(Data excerpts)
= Beginning of Section =

(* Consider the closed-loop switching semilinear system $\Sigma_0=(X,\mathrm{PC},\phi)$ described in the context and suppose $\Sigma_0$ is USGES. Then for every $r>0$ there exist $\underline{c}_r,\overline{c}_r>0$ and a Lipschitz continuous functional $V_r:X\to\mathbb{R}_+$ such that $\underline{c}_r\|x\|\le V_r(x)\le\overline{c}_r\|x\|$ for all $x\in B_X(0,r)$, and $\overline{D}_qV_r(x)\le-\|x\|$ for all $x\in B_X(0,r)$ and $q\in\mathcal{Q}$.
   Context: $X,U$ are Banach spaces, $B_X(0,r)$ is the closed ball of radius $r$. $A$ is the infinitesimal generator of a $C_0$-group $(T_t)_{t\in\mathbb{R}}$ of bounded linear operators on $X$. $\mathcal{Q}$ is a nonempty set and for $q\in\mathcal{Q}$, $f_q:X\times U\to X$ is Lipschitz continuous with a Lipschitz constant $L_f>0$ independent of $q$ and $f_q(0,0)=0$. $K:X\to U$ is globally Lipschitz with $K(0)=0$. For $q\in\mathcal{Q}$ and $x_0\in X$, let $x(\cdot,x_0,q)$ be the unique continuous mild solution of $\dot x=Ax+f_q(x,K(x))$, i.e. $x(t,x_0,q)=T_tx_0+\int_0^tT_{t-s}f_q(x(s,x_0,q),K(x(s,x_0,q)))ds$, and set $T_q(t)x_0=x(t,x_0,q)$. $\mathrm{PC}$ is the set of piecewise constant $\sigma:\mathbb{R}_+\to\mathcal{Q}$; for $\sigma$ equal to $q_k$ on $[t_k,t_{k+1})$, $0=t_0<t_1<\cdots\to\infty$, define $\phi(t,x_0,\sigma)=T_{q_k}(t-t_k)T_{q_{k-1}}(t_k-t_{k-1})\cdots T_{q_0}(t_1)x_0$ for $t\in[t_k,t_{k+1})$. $\Sigma_0$ is USGES if for every $r>0$ there exist $M(r),\lambda(r)>0$ with $\|\phi(t,x,\sigma)\|\le M(r)e^{-\lambda(r)t}\|x\|$ for all $t\ge0$, $x\in B_X(0,r)$, $\sigma\in\mathrm{PC}$. For $q\in\mathcal{Q}$, $\overline{D}_qV(x)=\limsup_{h\downarrow0}\frac1h\big(V(T_q(h)x)-V(x)\big)$. *)

theory Defs
  imports "HOL-Analysis.Analysis"
begin

text \<open>Strongly continuous group of bounded linear operators on a Banach space.
  (Its generator A is determined by T and is not needed explicitly.)\<close>
definition C0_group :: "(real \<Rightarrow> 'x::banach \<Rightarrow> 'x) \<Rightarrow> bool" where
  "C0_group T \<longleftrightarrow>
     (\<forall>t. bounded_linear (T t)) \<and> T 0 = id \<and>
     (\<forall>s t. T (s + t) = T s \<circ> T t) \<and>
     (\<forall>x. continuous_on UNIV (\<lambda>t. T t x))"

text \<open>sol q t x0 = x(t,x0,q) = T_q(t) x0 is a continuous mild solution of
  x' = A x + f_q(x, K x), x(0) = x0, for t >= 0.\<close>
definition is_mild_solution_map ::
  "(real \<Rightarrow> 'x::banach \<Rightarrow> 'x) \<Rightarrow> ('q \<Rightarrow> 'x \<times> 'u \<Rightarrow> 'x) \<Rightarrow> ('x \<Rightarrow> 'u)
     \<Rightarrow> ('q \<Rightarrow> real \<Rightarrow> 'x \<Rightarrow> 'x) \<Rightarrow> bool" where
  "is_mild_solution_map T f K sol \<longleftrightarrow>
     (\<forall>q x0. continuous_on {0..} (\<lambda>t. sol q t x0) \<and>
        (\<forall>t\<ge>0. sol q t x0 =
           T t x0 + integral {0..t} (\<lambda>s. T (t - s) (f q (sol q s x0, K (sol q s x0))))))"

text \<open>Switching times 0 = t_0 < t_1 < ... \<rightarrow> \<infinity>.  A switching signal in PC is given
  by such times ts together with the modes qs k on [ts k, ts (k+1)).\<close>
definition switch_times :: "(nat \<Rightarrow> real) \<Rightarrow> bool" where
  "switch_times ts \<longleftrightarrow> ts 0 = 0 \<and> strict_mono ts \<and> filterlim ts at_top sequentially"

= End of Section =

__Task to carry out__
If the word "longleftrightarrow" is on a line above, return that line.

__Finished task__
  "C0_group T \<longleftrightarrow>
  "is_mild_solution_map T f K sol \<longleftrightarrow>
  "switch_times ts \<longleftrightarrow> ts 0 = 0 \<and> strict_mono ts \<and> filterlim ts at_top sequentially"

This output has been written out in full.